lemma integrable_F_pq_integrand: "F_pq_integrand p q integrable_on {0..1}"
proof -
  have "(\<lambda>t. t powr (- 1 / p)) integrable_on cbox 0 1"
    using p_gt_1 integrable_on_powr_from_0[of "- 1 / p" 1] by simp
  from integrable_affinity[OF this, of "-1" 1]
  have "(\<lambda>t. (1 - t) powr (- 1 / p)) integrable_on {0..1}"
    by simp
  then show ?thesis
  proof (rule measurable_bounded_by_integrable_imp_integrable_real[rotated])
    show "F_pq_integrand p q \<in> borel_measurable (lebesgue_on {0..1})"
      unfolding F_pq_integrand_def[abs_def]
      by measurable (auto intro: continuous_imp_measurable_on_sets_lebesgue continuous_on_id)
    show "\<bar>F_pq_integrand p q t\<bar> \<le> (1 - t) powr (- 1 / p)" if "t \<in> {0..1}" for t
      \<comment> \<open>at t = 1 both sides vanish, since 0 powr a = 0\<close>
      using that F_pq_integrand_ge_1 F_pq_integrand_le
      by (cases "t = 1") (fastforce simp: F_pq_integrand_def)+
  qed auto
qed

lemma continuous_on_F_pq: "continuous_on {0..1} (F_pq p q)"
  unfolding F_pq_eq_integral[abs_def]
  by (rule indefinite_integral_continuous_1[OF integrable_F_pq_integrand])

lemma F_pq_diff:
  assumes "0 \<le> a" "a \<le> b" "b \<le> 1"
  shows "F_pq p q b - F_pq p q a = integral {a..b} (F_pq_integrand p q)"
  using assms integrable_on_subinterval[OF integrable_F_pq_integrand, of 0 b]
    Henstock_Kurzweil_Integration.integral_combine
      [where a = 0 and c = a and b = b and f = "F_pq_integrand p q"]
  by (simp add: F_pq_eq_integral)

lemma F_pq_strict_mono: "strict_mono_on {0..1} (F_pq p q)"
proof (rule strict_mono_onI)
  fix a b :: real
  assume "a \<in> {0..1}" "b \<in> {0..1}" "a < b"
  then have ab: "0 \<le> a" "a < b" "b \<le> 1" by auto
  \<comment> \<open>the integrand is at least 1 only on [0,1), so compare on [a,c], c < 1\<close>
  define c where "c = (a + b) / 2"
  have c: "a < c" "c < b" "c < 1" using ab by (auto simp: c_def)
  have "c - a = integral {a..c} (\<lambda>_. 1)" using c by simp
  also have "\<dots> \<le> integral {a..c} (F_pq_integrand p q)"
    using ab c integrable_on_subinterval[OF integrable_F_pq_integrand, of a c]
    by (intro integral_le) (auto intro!: F_pq_integrand_ge_1)
  also have "\<dots> = F_pq p q c - F_pq p q a" using ab c by (simp add: F_pq_diff)
  finally have "c - a \<le> F_pq p q c - F_pq p q a" .
  moreover have "0 \<le> integral {c..b} (F_pq_integrand p q)"
    using ab c integrable_on_subinterval[OF integrable_F_pq_integrand, of c b]
    by (intro integral_nonneg) (auto simp: F_pq_integrand_def)
  ultimately show "F_pq p q a < F_pq p q b" using ab c F_pq_diff[of c b] by simp
qed

lemma F_pq_has_real_derivative:
  assumes "0 < y" "y < 1"
  shows "(F_pq p q has_real_derivative F_pq_integrand p q y) (at y)"
proof -
  define b where "b = (1 + y) / 2"
  have "(F_pq p q has_real_derivative F_pq_integrand p q y) (at y within {0..b})"
    unfolding F_pq_eq_integral[abs_def] using assms
    by (intro integral_has_real_derivative continuous_on_subset[OF continuous_on_F_pq_integrand])
      (auto simp: b_def)
  moreover have "at y within {0..b} = at y"
    using assms by (intro at_within_Icc_at) (auto simp: b_def)
  ultimately show ?thesis by simp
qed

lemma pi_pq_pos: "0 < pi_pq p q"
  using strict_mono_onD[OF F_pq_strict_mono, of 0 1] by (simp add: pi_pq_def)

lemma F_pq_image: "F_pq p q ` {0..1} = {0..pi_pq p q / 2}"
proof
  show "F_pq p q ` {0..1} \<subseteq> {0..pi_pq p q / 2}"
    using strict_mono_on_leD[OF F_pq_strict_mono] F_pq_0[of p q] by (fastforce simp: pi_pq_def)
  show "{0..pi_pq p q / 2} \<subseteq> F_pq p q ` {0..1}"
    using IVT'[of "F_pq p q" 0 _ 1] continuous_on_F_pq F_pq_0[of p q]
    by (fastforce simp: pi_pq_def)
qed

lemma sin_pq_eq_sin_pq_base:
  assumes "0 \<le> x" "x \<le> pi_pq p q / 2"
  shows "sin_pq p q x = sin_pq_base p q x"
proof -
  have "\<lfloor>(x + pi_pq p q) / (2 * pi_pq p q)\<rfloor> = 0"
    using assms pi_pq_pos by (simp add: floor_eq_iff field_simps)
  then show ?thesis
    using assms by (simp add: sin_pq_def sin_pq_half_def Let_def)
qed

lemma sin_pq_F_pq:
  assumes "y \<in> {0..1}"
  shows "sin_pq p q (F_pq p q y) = y"
proof -
  have "sin_pq_base p q (F_pq p q y) = y"
    unfolding sin_pq_base_def
    using assms strict_mono_on_eqD[OF F_pq_strict_mono] by (intro the_equality) auto
  then show ?thesis
    using assms F_pq_image by (subst sin_pq_eq_sin_pq_base) auto
qed

lemma cos_pq_F_pq:
  assumes "0 < y" "y < 1"
  shows "cos_pq p q (F_pq p q y) = (1 - y powr q) powr (1 / p)"
proof -
  have x: "0 < F_pq p q y" "F_pq p q y < pi_pq p q / 2"
    using assms strict_mono_onD[OF F_pq_strict_mono, of 0 y]
      strict_mono_onD[OF F_pq_strict_mono, of y 1]
    by (auto simp: pi_pq_def)
  have inverse: "F_pq p q (sin_pq p q z) = z" if "0 < z" "z < pi_pq p q / 2" for z
  proof -
    have "z \<in> F_pq p q ` {0..1}" using that by (simp add: F_pq_image)
    then show ?thesis by (auto simp: sin_pq_F_pq)
  qed
  have cont: "isCont (sin_pq p q) (F_pq p q y)"
  proof (rule isCont_inverse_function2[of "y / 2" y "(1 + y) / 2"])
    fix z assume "y / 2 \<le> z" "z \<le> (1 + y) / 2"
    with assms show "sin_pq p q (F_pq p q z) = z" "isCont (F_pq p q) z"
      by (auto intro!: sin_pq_F_pq DERIV_isCont F_pq_has_real_derivative)
  qed (use assms in auto)
  have "(F_pq p q has_real_derivative F_pq_integrand p q y) (at (sin_pq p q (F_pq p q y)))"
    using assms by (simp add: sin_pq_F_pq F_pq_has_real_derivative)
  then have "(sin_pq p q has_real_derivative inverse (F_pq_integrand p q y)) (at (F_pq p q y))"
    using F_pq_integrand_ge_1[of y] assms
    by (intro DERIV_inverse_function[OF _ _ x inverse cont]) auto
  then show ?thesis
    by (simp add: cos_pq_def DERIV_imp_deriv F_pq_integrand_def powr_minus divide_inverse)
qed

end

interpretation pq_6: pq_exponents "6/5" 6
  by unfold_locales auto

lemma F_pq_integrand_6:
  assumes "0 \<le> t"
  shows "F_pq_integrand (6/5) 6 t = (1 - t^6) powr (- 5/6)"
  using assms by (cases "t = 0") (simp_all add: F_pq_integrand_def powr_realpow)

definition duplication_sqrt :: "real \<Rightarrow> real" where
  "duplication_sqrt s = sqrt (1 + 32 * s^6 * (1 - s^6))"

definition duplication_rat :: "real \<Rightarrow> real" where
  "duplication_rat r = (r - 1) * (r + 3)^3 / (16 * r^3)"

definition duplication :: "real \<Rightarrow> real" where
  "duplication s = root 6 (duplication_rat (duplication_sqrt s))"

lemma duplication_sqrt_sq:
  assumes "s^6 \<le> 1"
  shows "(duplication_sqrt s)^2 = 1 + 32 * s^6 * (1 - s^6)"
  using assms by (simp add: duplication_sqrt_def)

lemma duplication_sqrt_bounds:
  assumes "s^6 \<le> 1"
  shows "duplication_sqrt s \<in> {1..3}"
proof -
  have "0 \<le> s^6 * (1 - s^6)" using assms by simp
  moreover have "s^6 * (1 - s^6) \<le> 1/4"
    using zero_le_power2[of "2 * s^6 - 1"] by (simp only: power2_eq_square) argo
  ultimately have "sqrt 1 \<le> duplication_sqrt s" "duplication_sqrt s \<le> sqrt (3^2)"
    unfolding duplication_sqrt_def by (intro real_sqrt_le_mono; simp)+
  then show ?thesis by simp
qed

lemma duplication_sqrt_strict_bounds:
  assumes "0 < s^6" "s^6 < 1/2"
  shows "duplication_sqrt s \<in> {1<..<3}"
proof -
  have "0 < s^6 * (1 - s^6)" using assms by simp
  moreover have "s^6 * (1 - s^6) < 1/4"
    using assms zero_less_power2[of "2 * s^6 - 1"] by (simp only: power2_eq_square) argo
  ultimately have "sqrt 1 < duplication_sqrt s" "duplication_sqrt s < sqrt (3^2)"
    unfolding duplication_sqrt_def by (intro real_sqrt_less_mono; simp)+
  then show ?thesis by simp
qed

lemma one_minus_duplication_rat:
  assumes "r \<noteq> 0"
  shows "1 - duplication_rat r = (3 - r)^3 * (r + 1) / (16 * r^3)"
  using assms unfolding duplication_rat_def by (simp add: field_simps) algebra

lemma duplication_rat_bounds:
  assumes "r \<in> {1..3}"
  shows "duplication_rat r \<in> {0..1}"
proof -
  have "1 - duplication_rat r = (3 - r)^3 * (r + 1) / (16 * r^3)"
    using assms by (intro one_minus_duplication_rat) auto
  moreover have "0 \<le> (3 - r)^3 * (r + 1) / (16 * r^3)" "0 \<le> duplication_rat r"
    using assms by (auto simp: duplication_rat_def)
  ultimately show ?thesis by simp
qed

lemma duplication_rat_strict_bounds:
  assumes "r \<in> {1<..<3}"
  shows "duplication_rat r \<in> {0<..<1}"
proof -
  have "1 - duplication_rat r = (3 - r)^3 * (r + 1) / (16 * r^3)"
    using assms by (intro one_minus_duplication_rat) auto
  moreover have "0 < (3 - r)^3 * (r + 1) / (16 * r^3)" "0 < duplication_rat r"
    using assms by (auto simp: duplication_rat_def)
  ultimately show ?thesis by simp
qed

lemma duplication_rat_mult_one_minus:
  assumes "r \<noteq> 0"
  shows "duplication_rat r * (1 - duplication_rat r) = (r^2 - 1) * (9 - r^2)^3 / (256 * r^6)"
  using assms unfolding one_minus_duplication_rat[OF assms]
  by (simp add: duplication_rat_def field_simps) algebra

lemma duplication_rat_has_real_derivative:
  assumes "r \<noteq> 0"
  shows "(duplication_rat has_real_derivative (9 - r^2)^2 / (16 * r^4)) (at r)"
  unfolding duplication_rat_def[abs_def]
  using assms by (auto intro!: derivative_eq_intros simp: field_simps) algebra

lemma duplication_sqrt_has_real_derivative:
  assumes "s^6 \<le> 1"
  shows "(duplication_sqrt has_real_derivative
      96 * s^5 * (1 - 2 * s^6) / duplication_sqrt s) (at s)"
proof -
  have "0 < 1 + 32 * s^6 * (1 - s^6)" using assms by (simp add: add_pos_nonneg)
  then show ?thesis
    unfolding duplication_sqrt_def[abs_def]
    by (auto intro!: derivative_eq_intros simp: field_simps)
qed

lemma nine_minus_duplication_sqrt_sq:
  assumes "s^6 \<le> 1"
  shows "9 - (duplication_sqrt s)^2 = 8 * (1 - 2 * s^6)^2"
  unfolding duplication_sqrt_sq[OF assms] by (simp add: power2_eq_square algebra_simps)

lemma duplication_rat_sqrt_has_real_derivative:
  assumes "s^6 \<le> 1"
  shows "((\<lambda>s. duplication_rat (duplication_sqrt s)) has_real_derivative
      12 * (2 * s * (1 - 2 * s^6) / duplication_sqrt s)^5) (at s)"
proof -
  define r where "r = duplication_sqrt s"
  have r: "1 \<le> r" using duplication_sqrt_bounds[OF assms] by (simp add: r_def)
  have "((\<lambda>s. duplication_rat (duplication_sqrt s)) has_real_derivative
      (9 - r^2)^2 / (16 * r^4) * (96 * s^5 * (1 - 2 * s^6) / r)) (at s)"
    unfolding r_def using r
    by (intro DERIV_chain2[OF duplication_rat_has_real_derivative
          duplication_sqrt_has_real_derivative[OF assms]]) (auto simp: r_def)
  also have "(9 - r^2)^2 / (16 * r^4) * (96 * s^5 * (1 - 2 * s^6) / r)
      = 12 * (2 * s * (1 - 2 * s^6) / r)^5"
    unfolding r_def nine_minus_duplication_sqrt_sq[OF assms] using r
    by (simp add: r_def field_simps eval_nat_numeral)
  finally show ?thesis by (simp add: r_def)
qed
theorem theorem1p6:
  fixes E :: "'n::finite \<Rightarrow> 'n \<Rightarrow> bool" and k m :: nat
  assumes "simple_graph E"
    and "m = card (edges E)"
    and "real m \<ge> real k ^ 2 / 2 + 6 * real k + 3"
    and "m \<ge> 7 * k + 25"
    and "signless_spectral_radius E \<ge> real m - real k + 1"
  shows "contains_star E (m - k)"
proof (rule ccontr)
  assume no_star: "\<not> contains_star E (m - k)"
  have deg_le: "degree E u \<le> m - k - 1" for u
    using degree_less_if_not_contains_star[OF assms(1) no_star, of u] by linarith
  let ?q = "signless_spectral_radius E"
  have "?q \<in> eigenvalues (signless_laplacian E)"
    unfolding signless_spectral_radius_def
    by (rule Max_eigenvalues_in[OF symmetric_signless_laplacian[OF assms(1)]])
  then obtain v where v: "degree E v > 0"
    and q_le: "?q * real (degree E v) \<le> real (degree E v) ^ 2 + real (\<Sum>w\<in>neighbours E v. degree E w)"
    using signless_eigenvalue_le_degree_bound[OF assms(1)] assms(4,5) by fastforce
  moreover have "real (degree E v) ^ 2 + real (\<Sum>w\<in>neighbours E v. degree E w)
      < (real m - real k + 1) * real (degree E v)"
    using degree_square_plus_neighbour_sum_less[OF assms(1) assms(2)[symmetric] assms(4) deg_le v] .
  moreover have "(real m - real k + 1) * real (degree E v) \<le> ?q * real (degree E v)"
    using assms(5) by (rule mult_right_mono) simp
  ultimately show False by linarith
qed

end
lemma op_inj_pmap_eq_rank_match:
  assumes p: "op_inj_pmap p" and fin: "finite (Range p)"
  shows "p = rank_match (Domain p) (Range p)"
proof
  show "p \<subseteq> rank_match (Domain p) (Range p)"
    using op_inj_pmap_rank_eq[OF p] by (force simp: rank_match_def)
  show "rank_match (Domain p) (Range p) \<subseteq> p"
  proof
    fix z assume "z \<in> rank_match (Domain p) (Range p)"
    then obtain x y y' where z: "z = (x, y)" "y \<in> Range p" "(x, y') \<in> p"
      and ranks: "rank (Domain p) x = rank (Range p) y"
      by (auto simp: rank_match_def)
    have "rank (Range p) y' = rank (Range p) y"
      using op_inj_pmap_rank_eq[OF p z(3)] ranks by simp
    then have "y' = y"
      using inj_on_rank[OF fin] z by (auto simp: inj_on_def)
    with z show "z \<in> p" by simp
  qed
qed

lemma the_op_inj_pmap_eq_rank_match:
  assumes "finite D" "finite R" "card D = card R"
  shows "(THE p. op_inj_pmap p \<and> Domain p = D \<and> Range p = R) = rank_match D R"
proof (rule the_equality)
  show "op_inj_pmap (rank_match D R) \<and> Domain (rank_match D R) = D \<and> Range (rank_match D R) = R"
    using assms by (simp add: op_inj_pmap_rank_match Domain_rank_match Range_rank_match)
  fix p assume "op_inj_pmap p \<and> Domain p = D \<and> Range p = R"
  then show "p = rank_match D R"
    using op_inj_pmap_eq_rank_match assms(2) by blast
qed

lemma finite_positions: "finite (positions a w)"
  unfolding positions_def by simp

lemma card_positions: "card (positions a w) = count_list w a"
  unfolding positions_def count_list_eq_length_filter length_filter_conv_card
  by (rule arg_cong[where f = card]) auto

lemma card_positions_sort: "card (positions a (sort w)) = card (positions a w)"
  by (metis card_positions count_mset mset_sort)

lemma std_perm_part_eq_rank_match:
  "std_perm_part w a = rank_match (positions a (sort w)) (positions a w)"
  unfolding std_perm_part_def
  by (rule the_op_inj_pmap_eq_rank_match[OF finite_positions finite_positions card_positions_sort])

lemma op_inj_pmap_std_perm_part: "op_inj_pmap (std_perm_part w a)"
  by (simp add: std_perm_part_eq_rank_match op_inj_pmap_rank_match finite_positions)

lemma Domain_std_perm_part: "Domain (std_perm_part w a) = positions a (sort w)"
  unfolding std_perm_part_eq_rank_match
  by (rule Domain_rank_match[OF finite_positions finite_positions card_positions_sort])

lemma Range_std_perm_part: "Range (std_perm_part w a) = positions a w"
  unfolding std_perm_part_eq_rank_match
  by (rule Range_rank_match[OF finite_positions finite_positions card_positions_sort])

lemma UN_positions: "set w \<subseteq> A \<Longrightarrow> (\<Union>a\<in>A. positions a w) = {..<length w}"
  unfolding positions_def by (auto dest: nth_mem)

lemma length_concat_equal_length:
  "\<forall>w\<in>set ws. length w = k \<Longrightarrow> length (concat ws) = k * length ws"
  by (induction ws) auto

lemma nth_concat_equal_length:
  "\<forall>w\<in>set ws. length w = k \<Longrightarrow> x < k * length ws \<Longrightarrow>
    concat ws ! x = ws ! (x div k) ! (x mod k)"
proof (induction ws arbitrary: x)
  case (Cons w ws)
  show ?case
  proof (cases "x < k")
    case True
    then show ?thesis using Cons.prems by (simp add: nth_append)
  next
    case False
    have "k > 0"
      using Cons.prems(2) by (cases k) auto
    then have "x div k = Suc ((x - k) div k)" "x mod k = (x - k) mod k"
      using False by (simp_all add: le_div_geq le_mod_geq)
    moreover have "concat ws ! (x - k) = ws ! ((x - k) div k) ! ((x - k) mod k)"
      using Cons False by auto
    ultimately show ?thesis
      using Cons.prems False by (simp add: nth_append)
  qed
qed simp

lemma count_list_G: "w \<in> G k \<Longrightarrow> count_list w a = (if a < k then 1 else 0)"
  unfolding G_def by (auto simp: count_list_0_iff)

lemma positions_G: "w \<in> G k \<Longrightarrow> a < k \<Longrightarrow> \<exists>r. positions a w = {r}"
  by (simp add: card_1_singleton_iff[symmetric] card_positions count_list_G)

lemma count_list_concat_G:
  "\<forall>w\<in>set ws. w \<in> G k \<Longrightarrow> count_list (concat ws) a = (if a < k then length ws else 0)"
  by (induction ws) (auto simp: count_list_G)

lemma set_concat_G:
  assumes "\<forall>w\<in>set ws. w \<in> G k" "ws \<noteq> []"
  shows "set (concat ws) = {..<k}"
proof -
  have "b \<in> set (concat ws) \<longleftrightarrow> count_list (concat ws) b \<noteq> 0" for b
    by (metis count_list_0_iff)
  then have "b \<in> set (concat ws) \<longleftrightarrow> b < k" for b
    using count_list_concat_G[OF assms(1), of b] assms(2) by simp
  then show ?thesis by auto
qed

lemma count_list_blocks:
  "count_list (concat (map (\<lambda>a. replicate m a) [0..<k])) b = (if b < k then m else 0)"
  by (induction k) (auto simp: count_list_eq_length_filter filter_replicate)

lemma nth_blocks:
  assumes "x < k * m"
  shows "concat (map (\<lambda>a. replicate m a) [0..<k]) ! x = x div m"
proof -
  have "m > 0"
    using assms by (cases "m = 0") auto
  have "x div m < k"
    using less_mult_imp_div_less[OF assms] .
  have "concat (map (\<lambda>a. replicate m a) [0..<k]) ! x
      = map (\<lambda>a. replicate m a) [0..<k] ! (x div m) ! (x mod m)"
    using assms by (intro nth_concat_equal_length) (auto simp: mult.commute)
  also have "\<dots> = x div m"
    using \<open>m > 0\<close> \<open>x div m < k\<close> by simp
  finally show ?thesis .
qed

lemma length_blocks: "length (concat (map (\<lambda>a. replicate m a) [0..<k])) = k * m"
  by (subst length_concat_equal_length[of _ m]) auto

lemma sort_concat_G:
  assumes "\<forall>w\<in>set ws. w \<in> G k"
  shows "sort (concat ws) = concat (map (\<lambda>a. replicate (length ws) a) [0..<k])"
proof (rule properties_for_sort)
  show "mset (concat (map (\<lambda>a. replicate (length ws) a) [0..<k])) = mset (concat ws)"
    by (simp add: multiset_eq_iff count_mset count_list_blocks count_list_concat_G[OF assms])
  show "sorted (concat (map (\<lambda>a. replicate (length ws) a) [0..<k]))"
    by (auto simp: sorted_iff_nth_mono length_blocks nth_blocks intro: div_le_mono)
qed

lemma positions_sort_concat_G:
  "\<forall>w\<in>set ws. w \<in> G k \<Longrightarrow>
    positions a (sort (concat ws)) = {x. x < k * length ws \<and> x div length ws = a}"
  by (auto simp: sort_concat_G positions_def length_blocks nth_blocks)

lemma positions_concat_G_in_block:
  assumes ws: "\<forall>w\<in>set ws. w \<in> G k" and j: "j < length ws" and a: "a < k"
  shows "\<exists>!x. x \<in> positions a (concat ws) \<and> j * k \<le> x \<and> x < (j + 1) * k"
proof -
  have ws_length: "\<forall>w\<in>set ws. length w = k"
    using ws unfolding G_def by auto
  obtain r where r: "positions a (ws ! j) = {r}"
    using positions_G ws j a by (meson nth_mem)
  have r_lt: "r < k"
    using r ws_length j unfolding positions_def by (auto dest: nth_mem)
  have "x \<in> positions a (concat ws) \<longleftrightarrow> x = j * k + r"
    if "j * k \<le> x" "x < (j + 1) * k" for x
  proof -
    define s where "s = x - j * k"
    have s: "x = j * k + s" "s < k"
      using that unfolding s_def by auto
    have "(j + 1) * k \<le> length ws * k"
      using j by (intro mult_le_mono1) simp
    then have "x < k * length ws"
      using that by (simp add: mult.commute)
    then have "concat ws ! x = ws ! j ! s"
      using nth_concat_equal_length[OF ws_length] s by simp
    moreover have "x < length (concat ws)"
      using \<open>x < k * length ws\<close> length_concat_equal_length[OF ws_length] by simp
    ultimately have "x \<in> positions a (concat ws) \<longleftrightarrow> s \<in> positions a (ws ! j)"
      using s ws_length j unfolding positions_def by auto
    then show ?thesis
      using r s by auto
  qed
  then show ?thesis
    using r_lt by (intro ex1I[of _ "j * k + r"]) auto
qed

---

--- TASK ---
Copy out each line of the data above, exactly, if it lies between the line holding "s^6) / r)) (at" and the line holding "by (simp add: r_def field_simps", inclusive; copy no other line.

--- SOLUTION FOR THIS PROBLEM ---
      (9 - r^2)^2 / (16 * r^4) * (96 * s^5 * (1 - 2 * s^6) / r)) (at s)"
    unfolding r_def using r
    by (intro DERIV_chain2[OF duplication_rat_has_real_derivative
          duplication_sqrt_has_real_derivative[OF assms]]) (auto simp: r_def)
  also have "(9 - r^2)^2 / (16 * r^4) * (96 * s^5 * (1 - 2 * s^6) / r)
      = 12 * (2 * s * (1 - 2 * s^6) / r)^5"
    unfolding r_def nine_minus_duplication_sqrt_sq[OF assms] using r
    by (simp add: r_def field_simps eval_nat_numeral)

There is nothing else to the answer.